Stored data
lemma sum_sum_le_card_if_products_zero:
  fixes g :: "'b \<Rightarrow> 'a \<Rightarrow> real"
  assumes "finite D" and "finite K" and "\<forall>k\<in>K. \<forall>y\<in>D. 0 \<le> g k y \<and> g k y \<le> 1"
    and "\<forall>y\<in>D. \<forall>k\<in>K. \<forall>l\<in>K. k \<noteq> l \<longrightarrow> g k y * g l y = 0"
  shows "(\<Sum>k\<in>K. \<Sum>y\<in>D. g k y) \<le> card D"
    and "(\<Sum>k\<in>K. \<Sum>y\<in>D. g k y) = card D \<Longrightarrow> k \<in> K \<Longrightarrow> y \<in> D \<Longrightarrow> g k y = 0 \<or> g k y = 1"
proof -
  have pointwise: "(\<Sum>k\<in>K. g k y) \<le> 1 \<and> ((\<Sum>k\<in>K. g k y) = 1 \<longrightarrow> (\<forall>k\<in>K. g k y = 0 \<or> g k y = 1))"
    if "y \<in> D" for y
    using sum_le_1_if_products_zero[OF assms(2), of "\<lambda>k. g k y"] assms(3,4) that by blast
  have swap: "(\<Sum>k\<in>K. \<Sum>y\<in>D. g k y) = card D - (\<Sum>y\<in>D. 1 - (\<Sum>k\<in>K. g k y))"
    by (simp add: sum.swap[of _ K] sum_subtractf)
  have defect_nonneg: "\<forall>y\<in>D. 0 \<le> 1 - (\<Sum>k\<in>K. g k y)"
    using pointwise by simp
  then show "(\<Sum>k\<in>K. \<Sum>y\<in>D. g k y) \<le> card D"
    unfolding swap by (simp add: sum_nonneg)
  assume "(\<Sum>k\<in>K. \<Sum>y\<in>D. g k y) = card D" "k \<in> K" "y \<in> D"
  then have "(\<Sum>y\<in>D. 1 - (\<Sum>k\<in>K. g k y)) = 0"
    unfolding swap by simp
  then have "1 - (\<Sum>k\<in>K. g k y) = 0"
    using sum_nonneg_0[OF assms(1), of "\<lambda>y. 1 - (\<Sum>k\<in>K. g k y)" y] defect_nonneg \<open>y \<in> D\<close>
    by blast
  then show "g k y = 0 \<or> g k y = 1"
    using pointwise \<open>k \<in> K\<close> \<open>y \<in> D\<close> by auto
qed

lemma MOQLS_row: "MOQLS t M \<Longrightarrow> k < t \<Longrightarrow> orthonormal_basis UNIV (\<lambda>j. M k i j)"
  unfolding MOQLS_def QLS_def by blast

lemma MOQLS_col: "MOQLS t M \<Longrightarrow> k < t \<Longrightarrow> orthonormal_basis UNIV (\<lambda>i. M k i j)"
  unfolding MOQLS_def QLS_def by blast

lemma MOQLS_unit: "MOQLS t M \<Longrightarrow> k < t \<Longrightarrow> cinner (M k i j) (M k i j) = 1"
  using orthonormal_basisD[OF MOQLS_row] by fastforce

lemma MOQLS_row_orth: "MOQLS t M \<Longrightarrow> k < t \<Longrightarrow> j \<noteq> j' \<Longrightarrow> cinner (M k i j) (M k i j') = 0"
  using orthonormal_basisD[OF MOQLS_row] by fastforce

lemma MOQLS_col_orth: "MOQLS t M \<Longrightarrow> k < t \<Longrightarrow> i \<noteq> i' \<Longrightarrow> cinner (M k i j) (M k i' j) = 0"
  using orthonormal_basisD[OF MOQLS_col] by fastforce

lemma MOQLS_orth:
  assumes "MOQLS t M" "k < t" "l < t" "k \<noteq> l" "(i, j) \<noteq> (i', j')"
  shows "cinner (M k i j) (M k i' j') * cinner (M l i j) (M l i' j') = 0"
proof -
  have "orthonormal_basis UNIV (\<lambda>(i, j). tensor (M k i j) (M l i j))"
    using assms(1-4) unfolding MOQLS_def orthogonal_QLS_def by blast
  from orthonormal_basisD[OF this, of "(i, j)" "(i', j')"] show ?thesis
    using assms(5) by (simp add: cinner_tensor)
qed

lemma MOQLS_row_parseval:
  assumes "MOQLS t M" "k < t"
  shows "(\<Sum>j\<in>UNIV. (cmod (cinner (M k i' j') (M k i j)))^2) = 1"
  using orthonormal_basis_parseval_unit[OF MOQLS_row[OF assms] MOQLS_unit[OF assms]]
  by (simp only: cmod_cinner_commute[of "M k i' j'"])

lemma MOQLS_overlap_sum:
  fixes M :: "nat \<Rightarrow> 'n::finite \<Rightarrow> 'n \<Rightarrow> complex^'n"
  assumes MO: "MOQLS t M" and k: "k < t" and n2: "CARD('n) \<ge> 2"
  shows "(\<Sum>(i, j)\<in>(UNIV - {i1}) \<times> (UNIV - {j1}). (cmod (cinner (M k i1 j1) (M k i j)))^2)
           = real CARD('n) - 1"
proof -
  let ?g = "\<lambda>i j. (cmod (cinner (M k i1 j1) (M k i j)))^2"
  have row: "(\<Sum>j\<in>UNIV - {j1}. ?g i j) = 1" if "i \<noteq> i1" for i
  proof -
    have "(\<Sum>j\<in>UNIV. ?g i j) = 1"
      by (rule MOQLS_row_parseval[OF MO k])
    moreover have "?g i j1 = 0"
      using MOQLS_col_orth[OF MO k] that by simp
    ultimately show ?thesis
      by (simp add: sum.remove[of UNIV j1])
  qed
  have "(\<Sum>(i, j)\<in>(UNIV - {i1}) \<times> (UNIV - {j1}). ?g i j) = (\<Sum>i\<in>UNIV - {i1}. 1)"
    using row by (simp add: sum.cartesian_product[symmetric])
  also have "\<dots> = real CARD('n) - 1"
    using n2 by (simp add: card_Diff_singleton of_nat_diff)
  finally show ?thesis .
qed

Task statement |
Transcribe the records in full, keeping every character as it is.

Task response |
lemma sum_sum_le_card_if_products_zero:
  fixes g :: "'b \<Rightarrow> 'a \<Rightarrow> real"
  assumes "finite D" and "finite K" and "\<forall>k\<in>K. \<forall>y\<in>D. 0 \<le> g k y \<and> g k y \<le> 1"
    and "\<forall>y\<in>D. \<forall>k\<in>K. \<forall>l\<in>K. k \<noteq> l \<longrightarrow> g k y * g l y = 0"
  shows "(\<Sum>k\<in>K. \<Sum>y\<in>D. g k y) \<le> card D"
    and "(\<Sum>k\<in>K. \<Sum>y\<in>D. g k y) = card D \<Longrightarrow> k \<in> K \<Longrightarrow> y \<in> D \<Longrightarrow> g k y = 0 \<or> g k y = 1"
proof -
  have pointwise: "(\<Sum>k\<in>K. g k y) \<le> 1 \<and> ((\<Sum>k\<in>K. g k y) = 1 \<longrightarrow> (\<forall>k\<in>K. g k y = 0 \<or> g k y = 1))"
    if "y \<in> D" for y
    using sum_le_1_if_products_zero[OF assms(2), of "\<lambda>k. g k y"] assms(3,4) that by blast
  have swap: "(\<Sum>k\<in>K. \<Sum>y\<in>D. g k y) = card D - (\<Sum>y\<in>D. 1 - (\<Sum>k\<in>K. g k y))"
    by (simp add: sum.swap[of _ K] sum_subtractf)
  have defect_nonneg: "\<forall>y\<in>D. 0 \<le> 1 - (\<Sum>k\<in>K. g k y)"
    using pointwise by simp
  then show "(\<Sum>k\<in>K. \<Sum>y\<in>D. g k y) \<le> card D"
    unfolding swap by (simp add: sum_nonneg)
  assume "(\<Sum>k\<in>K. \<Sum>y\<in>D. g k y) = card D" "k \<in> K" "y \<in> D"
  then have "(\<Sum>y\<in>D. 1 - (\<Sum>k\<in>K. g k y)) = 0"
    unfolding swap by simp
  then have "1 - (\<Sum>k\<in>K. g k y) = 0"
    using sum_nonneg_0[OF assms(1), of "\<lambda>y. 1 - (\<Sum>k\<in>K. g k y)" y] defect_nonneg \<open>y \<in> D\<close>
    by blast
  then show "g k y = 0 \<or> g k y = 1"
    using pointwise \<open>k \<in> K\<close> \<open>y \<in> D\<close> by auto
qed

lemma MOQLS_row: "MOQLS t M \<Longrightarrow> k < t \<Longrightarrow> orthonormal_basis UNIV (\<lambda>j. M k i j)"
  unfolding MOQLS_def QLS_def by blast

lemma MOQLS_col: "MOQLS t M \<Longrightarrow> k < t \<Longrightarrow> orthonormal_basis UNIV (\<lambda>i. M k i j)"
  unfolding MOQLS_def QLS_def by blast

lemma MOQLS_unit: "MOQLS t M \<Longrightarrow> k < t \<Longrightarrow> cinner (M k i j) (M k i j) = 1"
  using orthonormal_basisD[OF MOQLS_row] by fastforce

lemma MOQLS_row_orth: "MOQLS t M \<Longrightarrow> k < t \<Longrightarrow> j \<noteq> j' \<Longrightarrow> cinner (M k i j) (M k i j') = 0"
  using orthonormal_basisD[OF MOQLS_row] by fastforce

lemma MOQLS_col_orth: "MOQLS t M \<Longrightarrow> k < t \<Longrightarrow> i \<noteq> i' \<Longrightarrow> cinner (M k i j) (M k i' j) = 0"
  using orthonormal_basisD[OF MOQLS_col] by fastforce

lemma MOQLS_orth:
  assumes "MOQLS t M" "k < t" "l < t" "k \<noteq> l" "(i, j) \<noteq> (i', j')"
  shows "cinner (M k i j) (M k i' j') * cinner (M l i j) (M l i' j') = 0"
proof -
  have "orthonormal_basis UNIV (\<lambda>(i, j). tensor (M k i j) (M l i j))"
    using assms(1-4) unfolding MOQLS_def orthogonal_QLS_def by blast
  from orthonormal_basisD[OF this, of "(i, j)" "(i', j')"] show ?thesis
    using assms(5) by (simp add: cinner_tensor)
qed

lemma MOQLS_row_parseval:
  assumes "MOQLS t M" "k < t"
  shows "(\<Sum>j\<in>UNIV. (cmod (cinner (M k i' j') (M k i j)))^2) = 1"
  using orthonormal_basis_parseval_unit[OF MOQLS_row[OF assms] MOQLS_unit[OF assms]]
  by (simp only: cmod_cinner_commute[of "M k i' j'"])

lemma MOQLS_overlap_sum:
  fixes M :: "nat \<Rightarrow> 'n::finite \<Rightarrow> 'n \<Rightarrow> complex^'n"
  assumes MO: "MOQLS t M" and k: "k < t" and n2: "CARD('n) \<ge> 2"
  shows "(\<Sum>(i, j)\<in>(UNIV - {i1}) \<times> (UNIV - {j1}). (cmod (cinner (M k i1 j1) (M k i j)))^2)
           = real CARD('n) - 1"
proof -
  let ?g = "\<lambda>i j. (cmod (cinner (M k i1 j1) (M k i j)))^2"
  have row: "(\<Sum>j\<in>UNIV - {j1}. ?g i j) = 1" if "i \<noteq> i1" for i
  proof -
    have "(\<Sum>j\<in>UNIV. ?g i j) = 1"
      by (rule MOQLS_row_parseval[OF MO k])
    moreover have "?g i j1 = 0"
      using MOQLS_col_orth[OF MO k] that by simp
    ultimately show ?thesis
      by (simp add: sum.remove[of UNIV j1])
  qed
  have "(\<Sum>(i, j)\<in>(UNIV - {i1}) \<times> (UNIV - {j1}). ?g i j) = (\<Sum>i\<in>UNIV - {i1}. 1)"
    using row by (simp add: sum.cartesian_product[symmetric])
  also have "\<dots> = real CARD('n) - 1"
    using n2 by (simp add: card_Diff_singleton of_nat_diff)
  finally show ?thesis .
qed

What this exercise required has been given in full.